Clientside anticheats do nothing. All it takes is either one script (anti client kick, crash, etc or literally just delete it) and boom. Completely gone. If your game ever gets popular, there’s bound to be one script that every exploiter will use that’ll automaticlly snap your anticheat. Tough world, so stick to just securing remotes and if you really need it, making simple lenient serverside checks.

As i said, most cheaters can’t do that, if you update your game to break cheats, exploiter have to again join your game and change his code which become annoying after some time

Assuming you meant “anticheat”—you are wrong.

I support using client-side anticheats, however, this is a dumb argument.

You should always use client + server, most exploiters use code made by people who can code and eventually that person who can code will work around it if you have no server sided measures alongside your client ones.

Exploiters are persistent. Taking a look at Criminality and some games, the script communities there update to fix their scripts in almost near seconds. You’re not gonna shutdown servers every 8h just to do something that’ll get bypassed in mere seconds, while hurting player experience?

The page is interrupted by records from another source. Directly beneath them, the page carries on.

text \<open>Admissible brackets: symmetric and associative (with the bilinear
  extension [\<lambda>a,\<mu>b] = \<lambda>\<mu>[a,b]), equalities taken in AX \<subseteq> A<X>.\<close>
definition admissible_bracket :: "('x \<Rightarrow> 'x \<Rightarrow> 'a::comm_ring_1 \<times> 'x) \<Rightarrow> bool"
  where "admissible_bracket br \<longleftrightarrow>
     (\<forall>a b. AX_elem (br a b) = AX_elem (br b a)) \<and>
     (\<forall>a b c.
        AX_elem (fst (br a b) * fst (br (snd (br a b)) c), snd (br (snd (br a b)) c))
      = AX_elem (fst (br b c) * fst (br a (snd (br b c))), snd (br a (snd (br b c)))))"

definition bilinear_prod :: "(('x, 'a::comm_ring_1) ncpoly \<Rightarrow> ('x, 'a) ncpoly \<Rightarrow> ('x, 'a) ncpoly) \<Rightarrow> bool"
  where "bilinear_prod st \<longleftrightarrow>
     (\<forall>p q r. st (p + q) r = st p r + st q r) \<and>
     (\<forall>p q r. st p (q + r) = st p q + st p r) \<and>
     (\<forall>c p q. st (smul c p) q = smul c (st p q)) \<and>
     (\<forall>c p q. st p (smul c q) = smul c (st p q))"

definition class_P :: "(('x, 'a::comm_ring_1) ncpoly \<Rightarrow> ('x, 'a) ncpoly \<Rightarrow> ('x, 'a) ncpoly) set"
  where "class_P = {st. bilinear_prod st \<and>
     (\<forall>w. st (word []) (word w) = word w \<and> st (word w) (word []) = word w) \<and>
     (\<exists>br. admissible_bracket br \<and>
        (\<forall>a b u v. st (word (a # u)) (word (b # v)) =
            lmul a (st (word u) (word (b # v)))
          + lmul b (st (word (a # u)) (word v))
          + smul (fst (br a b)) (lmul (snd (br a b)) (st (word u) (word v)))))}"

end

theory Submission
  imports Defs
begin

(* The product \<star> of a class-P structure is pinned down by its values on words:
   it is bilinear, has the empty word as two-sided unit on words, and on two
   nonempty words it obeys the recursion
     au \<star> bv = a(u \<star> bv) + b(au \<star> v) + [a,b](u \<star> v).
   All three algebra laws are therefore proved in two stages.  First, on words,
   by strong induction on the total length: commutativity uses the symmetry of
   the bracket, associativity expands both sides of (au \<star> bv) \<star> cw twice by the
   recursion and matches the resulting terms using the induction hypothesis
   and the associativity of the bracket.  Second, a linear extension principle
   (two A-linear maps agreeing on all words agree everywhere) lifts each law to
   arbitrary polynomials, one argument at a time. *)

section \<open>The module A<X>\<close>

lemma lookup_smul: "Poly_Mapping.lookup (smul c p) w = c * Poly_Mapping.lookup p w"
  by (simp add: smul.rep_eq)

lemma lookup_lmul:
  "Poly_Mapping.lookup (lmul x p) w =
     (case w of [] \<Rightarrow> 0 | y # v \<Rightarrow> (if y = x then Poly_Mapping.lookup p v else 0))"
  by (simp add: lmul.rep_eq)

lemma smul_add: "smul c (p + q) = smul c p + smul c q"
  by (rule poly_mapping_eqI) (simp add: lookup_smul lookup_add distrib_left)

lemma smul_smul: "smul c (smul d p) = smul (c * d) p"
  by (rule poly_mapping_eqI) (simp add: lookup_smul mult.assoc)

lemma smul_zero_left: "smul 0 p = 0"
  by (rule poly_mapping_eqI) (simp add: lookup_smul)

lemma lmul_add: "lmul x (p + q) = lmul x p + lmul x q"
  by (rule poly_mapping_eqI) (simp add: lookup_lmul lookup_add split: list.splits)

lemma lmul_smul: "lmul x (smul c p) = smul c (lmul x p)"
  by (rule poly_mapping_eqI) (simp add: lookup_lmul lookup_smul split: list.splits)

lemma lmul_word: "lmul x (word u) = word (x # u)"
  by (rule poly_mapping_eqI) (auto simp: lookup_lmul lookup_single when_def split: list.splits)

lemma word_expansion:
  "p = (\<Sum>w\<in>Poly_Mapping.keys p. smul (Poly_Mapping.lookup p w) (word w))"
proof -
  have lookup_partial_sum:
    "Poly_Mapping.lookup (\<Sum>w\<in>I. smul (Poly_Mapping.lookup p w) (word w)) v =
       (if v \<in> I then Poly_Mapping.lookup p v else 0)" if "finite I" for I v
    using that
    by (induction I rule: finite_induct) (auto simp: lookup_single lookup_add lookup_smul when_def)
  show ?thesis
    by (rule poly_mapping_eqI) (fastforce simp: Poly_Mapping.in_keys_iff lookup_partial_sum)
qed

text \<open>Linear extension principle: two A-linear maps on A<X> that agree on every
  word agree everywhere.  This reduces each algebra law to the case of words.\<close>

lemma linear_maps_agree_on_words:
  fixes F G :: "('x, 'a::comm_ring_1) ncpoly \<Rightarrow> ('y, 'a) ncpoly"
  assumes F_add: "\<And>p q. F (p + q) = F p + F q" and G_add: "\<And>p q. G (p + q) = G p + G q"
    and F_smul: "\<And>c p. F (smul c p) = smul c (F p)"
    and G_smul: "\<And>c p. G (smul c p) = smul c (G p)"
    and on_words: "\<And>w. F (word w) = G (word w)"
  shows "F p = G p"
proof -
  have F_zero: "F 0 = 0" and G_zero: "G 0 = 0"
    using F_add[of 0 0] G_add[of 0 0] by simp_all
  have agree_on_sums:
    "F (\<Sum>w\<in>I. smul (Poly_Mapping.lookup p w) (word w)) =
     G (\<Sum>w\<in>I. smul (Poly_Mapping.lookup p w) (word w))" if "finite I" for I
    using that by (induction I rule: finite_induct) (simp_all add: F_zero G_zero assms)
  show ?thesis
    by (subst (1 2) word_expansion) (simp add: agree_on_sums)
qed

text \<open>Equal elements of AX act identically as left multipliers: either both
  coefficients vanish, or coefficient and letter coincide.\<close>

lemma AX_elem_eq_imp_same_action:
  assumes "AX_elem (c, x) = AX_elem (c', x')"
  shows "smul c (lmul x p) = smul c' (lmul x' p)"
proof (cases "c = 0")
  case True
  then have "Poly_Mapping.single [x'] c' = 0"
    using assms by (simp add: AX_elem_def)
  then have "c' = 0"
    by (metis Poly_Mapping.lookup_single_eq Poly_Mapping.lookup_zero)
  with True show ?thesis
    by (simp add: smul_zero_left)
next
  case False
  have "Poly_Mapping.lookup (Poly_Mapping.single [x] c) [x] =
        Poly_Mapping.lookup (Poly_Mapping.single [x'] c') [x]"
    using assms by (simp add: AX_elem_def)
  with False have "x' = x \<and> c' = c"
    by (auto simp: lookup_single when_def split: if_splits)
  then show ?thesis
    by simp
qed

section \<open>Products in the class P\<close>

locale class_P_product =
  fixes star :: "('x, 'a::comm_ring_1) ncpoly \<Rightarrow> ('x, 'a) ncpoly \<Rightarrow> ('x, 'a) ncpoly"
      (infixl "\<star>" 70)
    and br :: "'x \<Rightarrow> 'x \<Rightarrow> 'a \<times> 'x"
  assumes bilinear: "bilinear_prod (\<star>)"
    and unit_on_words: "\<forall>w. word [] \<star> word w = word w \<and> word w \<star> word [] = word w"
    and bracket: "admissible_bracket br"
    and recursion_on_words: "\<forall>a b u v. word (a # u) \<star> word (b # v) =
            lmul a (word u \<star> word (b # v))
          + lmul b (word (a # u) \<star> word v)
          + smul (fst (br a b)) (lmul (snd (br a b)) (word u \<star> word v))"
begin

abbreviation bmul :: "'x \<Rightarrow> 'x \<Rightarrow> ('x, 'a) ncpoly \<Rightarrow> ('x, 'a) ncpoly"
  where "bmul a b p \<equiv> smul (fst (br a b)) (lmul (snd (br a b)) p)"

lemma star_add_left: "(p + q) \<star> r = p \<star> r + q \<star> r"
  and star_add_right: "p \<star> (q + r) = p \<star> q + p \<star> r"
  and star_smul_left: "smul c p \<star> q = smul c (p \<star> q)"
  and star_smul_right: "p \<star> smul c q = smul c (p \<star> q)"
  using bilinear by (simp_all add: bilinear_prod_def)

lemmas linearity =
  star_add_left star_add_right star_smul_left star_smul_right
  smul_add smul_smul lmul_add lmul_smul

lemma unit_left: "word [] \<star> p = p"
  by (rule linear_maps_agree_on_words[where F = "(\<star>) (word [])" and G = "\<lambda>p. p"])
     (simp_all add: linearity unit_on_words)

lemma unit_right: "p \<star> word [] = p"
  by (rule linear_maps_agree_on_words[where F = "\<lambda>p. p \<star> word []" and G = "\<lambda>p. p"])
     (simp_all add: linearity unit_on_words)

lemma recursion_word_left:
  "lmul a (word u) \<star> lmul b q =
     lmul a (word u \<star> lmul b q) + lmul b (lmul a (word u) \<star> q) + bmul a b (word u \<star> q)"
  by (rule linear_maps_agree_on_words[where F = "\<lambda>q. lmul a (word u) \<star> lmul b q"])
     (simp_all add: linearity lmul_word recursion_on_words ac_simps)

lemma recursion:
  "lmul a p \<star> lmul b q =
     lmul a (p \<star> lmul b q) + lmul b (lmul a p \<star> q) + bmul a b (p \<star> q)"
  by (rule linear_maps_agree_on_words[where F = "\<lambda>p. lmul a p \<star> lmul b q"])
     (simp_all add: linearity recursion_word_left ac_simps)

text \<open>The two bracket axioms, read as identities of left multipliers:
  [a,b] = [b,a] and [[a,b],c] = [a,[b,c]].\<close>

lemma bracket_commute: "bmul a b p = bmul b a p"
  using bracket AX_elem_eq_imp_same_action unfolding admissible_bracket_def
  by (metis prod.collapse)

lemma bracket_assoc:
  "smul (fst (br a b)) (bmul (snd (br a b)) c p) = smul (fst (br b c)) (bmul a (snd (br b c)) p)"
  using bracket AX_elem_eq_imp_same_action unfolding admissible_bracket_def
  unfolding smul_smul by metis

section \<open>Commutativity\<close>

lemma commute_on_words: "word u \<star> word v = word v \<star> word u"
proof (induction "length u + length v" arbitrary: u v rule: less_induct)
  case less
  show ?case
  proof (cases "u = [] \<or> v = []")
    case True
    then show ?thesis
      using unit_on_words by auto
  next
    case False
    then obtain a u' b v' where uv: "u = a # u'" "v = b # v'"
      by (meson neq_Nil_conv)
    have "word u \<star> word v =
          lmul a (word u' \<star> word v) + lmul b (word u \<star> word v') + bmul a b (word u' \<star> word v')"
      using recursion_on_words uv by simp
    also have "\<dots> =
          lmul a (word v \<star> word u') + lmul b (word v' \<star> word u) + bmul b a (word v' \<star> word u')"
      using less uv bracket_commute by simp
    also have "\<dots> = word v \<star> word u"
      using recursion_on_words uv by (simp add: ac_simps)
    finally show ?thesis .
  qed
qed

lemma commute: "p \<star> q = q \<star> p"
proof -
  have word_commutes: "word w \<star> q = q \<star> word w" for w
    by (rule linear_maps_agree_on_words[where F = "\<lambda>q. word w \<star> q" and G = "\<lambda>q. q \<star> word w"])
       (simp_all add: linearity commute_on_words)
  show ?thesis
    by (rule linear_maps_agree_on_words[where F = "\<lambda>p. p \<star> q" and G = "\<lambda>p. q \<star> p"])
       (simp_all add: linearity word_commutes)
qed

section \<open>Associativity\<close>

text \<open>The inductive step: associativity for (aU, bV, cW) follows from
  associativity for the seven triples obtained by stripping some nonempty
  subset of the three leading letters, together with associativity of the
  bracket.\<close>

lemma assoc_step:
  assumes "(U \<star> lmul b V) \<star> lmul c W = U \<star> (lmul b V \<star> lmul c W)"
    and "(lmul a U \<star> V) \<star> lmul c W = lmul a U \<star> (V \<star> lmul c W)"
    and "(lmul a U \<star> lmul b V) \<star> W = lmul a U \<star> (lmul b V \<star> W)"
    and "(U \<star> V) \<star> lmul c W = U \<star> (V \<star> lmul c W)"
    and "(U \<star> lmul b V) \<star> W = U \<star> (lmul b V \<star> W)"
    and "(lmul a U \<star> V) \<star> W = lmul a U \<star> (V \<star> W)"
    and "(U \<star> V) \<star> W = U \<star> (V \<star> W)"
  shows "(lmul a U \<star> lmul b V) \<star> lmul c W = lmul a U \<star> (lmul b V \<star> lmul c W)"
  by (simp only: recursion linearity assms(1,2,4-7) assms(3)[symmetric]
      bracket_assoc[simplified smul_smul])
     (simp add: add_ac)

lemma assoc_on_words: "(word u \<star> word v) \<star> word w = word u \<star> (word v \<star> word w)"
proof (induction "length u + length v + length w" arbitrary: u v w rule: less_induct)
  case less
  show ?case
  proof (cases "u = [] \<or> v = [] \<or> w = []")
    case True
    then show ?thesis
      by (auto simp: unit_left unit_right)
  next
    case False
    then obtain a u' b v' c w' where uvw: "u = a # u'" "v = b # v'" "w = c # w'"
      by (meson neq_Nil_conv)
    have IH: "(word u'' \<star> word v'') \<star> word w'' = word u'' \<star> (word v'' \<star> word w'')"
      if "length u'' + length v'' + length w'' < length u + length v + length w"
      for u'' v'' w''
      using less that by blast
    have "(lmul a (word u') \<star> lmul b (word v')) \<star> lmul c (word w') =
          lmul a (word u') \<star> (lmul b (word v') \<star> lmul c (word w'))"
      by (rule assoc_step; (simp only: lmul_word)?; rule IH; simp add: uvw)
    then show ?thesis
      by (simp only: uvw lmul_word)
  qed
qed

lemma assoc: "(p \<star> q) \<star> r = p \<star> (q \<star> r)"
proof -
  have assoc_two_words: "(p \<star> word v) \<star> word w = p \<star> (word v \<star> word w)" for p v w
    by (rule linear_maps_agree_on_words[where F = "\<lambda>p. (p \<star> word v) \<star> word w"])
       (simp_all add: linearity assoc_on_words)
  have assoc_one_word: "(p \<star> q) \<star> word w = p \<star> (q \<star> word w)" for q w
    by (rule linear_maps_agree_on_words[where F = "\<lambda>q. (p \<star> q) \<star> word w"])
       (simp_all add: linearity assoc_two_words)
  show ?thesis
    by (rule linear_maps_agree_on_words[where F = "\<lambda>r. (p \<star> q) \<star> r"])
       (simp_all add: linearity assoc_one_word)
qed

end

theorem mainTheorem2:
  fixes st :: "('x, 'a::comm_ring_1) ncpoly \<Rightarrow> ('x, 'a) ncpoly \<Rightarrow> ('x, 'a) ncpoly"
  assumes "st \<in> class_P"
  shows "bilinear_prod st
       \<and> (\<forall>p. st (word []) p = p \<and> st p (word []) = p)
       \<and> (\<forall>p q. st p q = st q p)
       \<and> (\<forall>p q r. st (st p q) r = st p (st q r))"
proof -
  from assms obtain br where "class_P_product st br"
    unfolding class_P_def class_P_product_def by blast
  then interpret class_P_product st br .
  show ?thesis
    using bilinear unit_left unit_right commute assoc by blast
qed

i want to add that we are talking about anti-cheats which mean mostly security about player abbilities, we don’t take remote security here, so no, money bag drop is not job of anti-cheat but rather safe remotes

This is not relevant to what I have posted.

I ain’t gonna lie, if done perfectly it CAN be okay, but if you see many games most of them dont even bother with clientside anticheat. Your post also has 308 replies, which kinda should say a lot.

1 Like

again anti-cheat here is things such as anti: tp, speed, jump, fly ect.

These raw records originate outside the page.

lemma (in group) ord_mult_le_two_if_conj_inverts:
  assumes "a \<in> carrier G" "ord a = 2" "c \<in> carrier G" "inv a \<otimes> c \<otimes> a = inv c"
  shows "ord (a \<otimes> c) \<le> 2"
proof -
  have "(a \<otimes> c) \<otimes> (a \<otimes> c) = (inv a \<otimes> c \<otimes> a) \<otimes> c"
    using assms(1-3) inv_eq_self_if_ord_two by (simp add: m_assoc)
  then have "(a \<otimes> c) \<otimes> (a \<otimes> c) = \<one>"
    using assms by simp
  then show ?thesis
    using square_eq_one_iff_ord_dvd_two assms by (simp add: dvd_imp_le)
qed

locale involution_centralizers_2_groups = group +
  assumes ord_in_centralizer_involution:
    "\<lbrakk>i \<in> carrier G; ord i = 2; y \<in> centralizer_elem G i\<rbrakk> \<Longrightarrow> \<exists>m. ord y = 2 ^ m"
begin

lemma eq_one_if_odd_ord_commutes_involution:
  assumes "i \<in> carrier G" "ord i = 2" "y \<in> centralizer_elem G i" "odd (ord y)"
  shows "y = \<one>"
proof -
  obtain m where "ord y = 2 ^ m"
    using ord_in_centralizer_involution assms(1-3) by blast
  then have "ord y = 1"
    using assms(4) by simp
  then show ?thesis
    using assms(3) ord_eq_1 unfolding centralizer_elem_def by blast
qed

lemma centralizer_elem_odd_ord:
  assumes x: "x \<in> carrier G" "odd (ord x)" "x \<noteq> \<one>"
    and c: "c \<in> centralizer_elem G x" "ord c \<noteq> 0"
  shows "odd (ord c)"
proof
  assume "even (ord c)"
  then obtain q where q: "ord c = 2 * q" "q \<noteq> 0"
    using c(2) by auto
  have cG: "c \<in> carrier G"
    using c(1) unfolding centralizer_elem_def by blast
  have "ord (c [^] q) = 2"
    using ord_pow[OF cG, of q] q by simp
  moreover have "x \<in> centralizer_elem G (c [^] q)"
    using pow_in_centralizer_elem[OF x(1) c(1)] centralizer_elem_sym x(1) cG by blast
  ultimately show False
    using eq_one_if_odd_ord_commutes_involution x cG by blast
qed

On serverside? Yeah, it can be done and it’s much better than clientside anticheat. Just do serverside anticheats if you’re desperate.

All of these specific measures should be done on the server, not the client.

1 Like

Still, i can say depends on game, i thought about it overnight and i can say in some games where cheats harm players, but in games like clickers or sandboxes
it’s practically fight with wind

That literally won’t work in any anticheat ever unless it is written horribly.